The situation changes with large tiles:
$ ./fetch-vs-crop.py ~/pics/openslide/CMU-1.svs 2048 100
100 tiles, each 2048x2048 pixels
random read
crop: time per tile = 21.40ms
fetch: time per tile = 130.32ms
sequential read
crop: time per tile = 19.11ms
fetch: time per tile = 129.85ms
Now fetch is very slow because it can't parallelize.
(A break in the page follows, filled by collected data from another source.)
lemma mpaths_agree_above:
  assumes U: "ultrametric X" and p: "p \<in> mpaths X" and q: "q \<in> mpaths X"
    and "p n = q n" "p n \<noteq> {}" "m \<le> n"
  shows "p m = q m"
proof -
  obtain z where "z \<in> p n" using \<open>p n \<noteq> {}\<close> by blast
  then have "z \<in> p m" "z \<in> q m"
    using mpaths_antimono[OF p \<open>m \<le> n\<close>] mpaths_antimono[OF q \<open>m \<le> n\<close>] \<open>p n = q n\<close> by auto
  then show ?thesis using lvl_eq_if_common_point[OF U mpaths_lvl[OF p] mpaths_lvl[OF q]] by blast
qed

lemma mchildrenD:
  "c \<in> mchildren X u \<Longrightarrow> fst c = Suc (fst u) \<and> snd c \<in> lvl X (Suc (fst u)) \<and> snd c \<subseteq> snd u"
  unfolding mchildren_def by auto

lemma mchildren_mvert: "c \<in> mchildren X u \<Longrightarrow> c \<in> mvert X"
  unfolding mchildren_def mvert_def by auto

lemma branching_lvl: "branching X v \<Longrightarrow> snd v \<in> lvl X (fst v)"
  unfolding branching_def mvert_def by auto

lemma branchingI:
  "v \<in> mvert X \<Longrightarrow> a \<noteq> b \<Longrightarrow> a \<in> mchildren X v \<Longrightarrow> b \<in> mchildren X v \<Longrightarrow> branching X v"
  unfolding branching_def by blast
(* For every countably infinite subset $C\subseteq(0,\infty)$ there exists a countable directed graph $E$ such that $$\{\beta_v : v\in\textstyle\bigcup_{\beta>0}E^0_{\beta\text{-reg}}\}=C.$$
   Context: For a countable directed graph $E$ and $v\in E^0$, $E^nv$ is the set of paths of length $n$ ending at $v$, $Z_v(\beta)=\sum_{n\ge0}|E^nv|e^{-\beta n}\in[0,\infty]$, $E^0_{\beta\text{-reg}}=\{v\in E^0:Z_v(\beta)<\infty\}$, and $\beta_v=\inf\{\beta\in\mathbb R:Z_v(\beta)<\infty\}$ (the critical inverse temperature of $v$). *)

theory Defs
  imports "HOL-Analysis.Analysis" "HOL-Library.Extended_Nonnegative_Real" "HOL-Library.Extended_Real"
begin

definition cdigraph :: "'v set \<Rightarrow> 'e set \<Rightarrow> ('e \<Rightarrow> 'v) \<Rightarrow> ('e \<Rightarrow> 'v) \<Rightarrow> bool" where
  "cdigraph V Ed s r \<longleftrightarrow> countable V \<and> countable Ed \<and> (\<forall>e\<in>Ed. s e \<in> V \<and> r e \<in> V)"

text \<open>E^n v: paths e_1 ... e_n of length n (r e_i = s e_(i+1)) ending at v (r e_n = v);
  for n = 0 the only path is the vertex v itself (represented by the empty list).\<close>
definition paths_to :: "'e set \<Rightarrow> ('e \<Rightarrow> 'v) \<Rightarrow> ('e \<Rightarrow> 'v) \<Rightarrow> nat \<Rightarrow> 'v \<Rightarrow> 'e list set" where
  "paths_to Ed s r n v = {p. length p = n \<and> set p \<subseteq> Ed \<and>
      (\<forall>i. Suc i < n \<longrightarrow> r (p ! i) = s (p ! Suc i)) \<and> (n > 0 \<longrightarrow> r (last p) = v)}"

definition ecard :: "'a set \<Rightarrow> ennreal" where
  "ecard A = (if finite A then of_nat (card A) else \<infinity>)"

definition Zfun :: "'e set \<Rightarrow> ('e \<Rightarrow> 'v) \<Rightarrow> ('e \<Rightarrow> 'v) \<Rightarrow> 'v \<Rightarrow> real \<Rightarrow> ennreal" where
  "Zfun Ed s r v \<beta> = (\<Sum>n. ecard (paths_to Ed s r n v) * ennreal (exp (- \<beta> * real n)))"

definition beta_reg :: "'v set \<Rightarrow> 'e set \<Rightarrow> ('e \<Rightarrow> 'v) \<Rightarrow> ('e \<Rightarrow> 'v) \<Rightarrow> real \<Rightarrow> 'v set" where
  "beta_reg V Ed s r \<beta> = {v\<in>V. Zfun Ed s r v \<beta> < \<infinity>}"

text \<open>Critical inverse temperature, as an extended real (inf of the empty set is +\<infinity>,
  an unbounded-below set gives -\<infinity>).\<close>
definition crit_beta :: "'e set \<Rightarrow> ('e \<Rightarrow> 'v) \<Rightarrow> ('e \<Rightarrow> 'v) \<Rightarrow> 'v \<Rightarrow> ereal" where
  "crit_beta Ed s r v = Inf (ereal ` {\<beta>. Zfun Ed s r v \<beta> < \<infinity>})"

end

theory Submission
  imports Defs
begin

text \<open>For c > 0 take a one-sided infinite chain of vertices (0 \<leftarrow> 1 \<leftarrow> 2 \<leftarrow> \<dots>) with
  m_k parallel edges from k + 1 to k, where the integers m_k are chosen so that the
  partial products m_0 \<cdots> m_(n-1) stay within a bounded factor of e^(cn). The number of
  paths of length n ending at any vertex of the chain is then comparable to e^(cn), so
  Z_v(\<beta>) < \<infinity> exactly when \<beta> > c: every vertex is \<beta>-regular for some \<beta> > 0
  and has critical inverse temperature c. The disjoint union of such chains, one for
  each element of an enumeration of C, realises C.\<close>

lemma paths_to_0 [simp]: "paths_to Ed s r 0 v = {[]}"
  by (auto simp: paths_to_def)

lemma snoc_in_paths_to_Suc_iff:
  "q @ [e] \<in> paths_to Ed s r (Suc n) v \<longleftrightarrow>
     e \<in> Ed \<and> r e = v \<and> q \<in> paths_to Ed s r n (s e)"
proof (cases "n = 0")
  case True
  then show ?thesis by (auto simp: paths_to_def)
next
  case False
  then have "last q = q ! (n - 1)" if "length q = n"
    using that by (auto simp: last_conv_nth)
  then show ?thesis
    unfolding paths_to_def by (auto simp: nth_append less_Suc_eq) (metis diff_Suc_1 One_nat_def)
qed

lemma paths_to_Suc:
  "paths_to Ed s r (Suc n) v =
     (\<lambda>(e, q). q @ [e]) ` (SIGMA e:{e\<in>Ed. r e = v}. paths_to Ed s r n (s e))"
proof (intro set_eqI iffI)
  fix p assume p: "p \<in> paths_to Ed s r (Suc n) v"
  then have "p \<noteq> []" by (auto simp: paths_to_def)
  then obtain q e where "p = q @ [e]" by (metis rev_exhaust)
  with p show "p \<in> (\<lambda>(e, q). q @ [e]) ` (SIGMA e:{e\<in>Ed. r e = v}. paths_to Ed s r n (s e))"
    by (force simp: snoc_in_paths_to_Suc_iff)
qed (auto simp: snoc_in_paths_to_Suc_iff)

text \<open>Vertex k of chain i is coded as prod_encode (i, k); the j-th edge from vertex
  k + 1 to vertex k of chain i is coded as prod_encode (i, prod_encode (k, j)).\<close>

definition chain_src :: "nat \<Rightarrow> nat" where
  "chain_src e = (case prod_decode e of (i, kj) \<Rightarrow> prod_encode (i, Suc (fst (prod_decode kj))))"

definition chain_rng :: "nat \<Rightarrow> nat" where
  "chain_rng e = (case prod_decode e of (i, kj) \<Rightarrow> prod_encode (i, fst (prod_decode kj)))"

definition chain_edges :: "(nat \<Rightarrow> nat \<Rightarrow> nat) \<Rightarrow> nat set" where
  "chain_edges m = {prod_encode (i, prod_encode (k, j)) | i k j. j < m i k}"

lemma chain_edges_into:
  "{e \<in> chain_edges m. chain_rng e = prod_encode (i, k)} =
     (\<lambda>j. prod_encode (i, prod_encode (k, j))) ` {..<m i k}"
  by (auto simp: chain_edges_def chain_rng_def prod_encode_eq)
There's little difference between sequential and random, since the libvips pixel caches won't help.
tiff is slower for parallel JPEG read since the libtiff JPEG decoder is single-threaded.
@jcupitt ok, thanks a lot!
patch0 = patch.write_to_memory() patch1 = patch.rot90().write_to_memory() patch2 = patch.rot180().write_to_memory() patch3 = patch.rot270().write_to_memory() patch4 = patch_f.write_to_memory() patch5 = patch_f.rot90().write_to_memory() patch6 = patch_f.rot180().write_to_memory() patch7 = patch_f.rot270().write_to_memory()
Hi, I am trying to use this code for Deep Learning Training. How to convert these patches, say patch0, to a numpy array?
Hi @lafith,
Please open a new issue for new questions -- it'll make it easier for other people to find answers.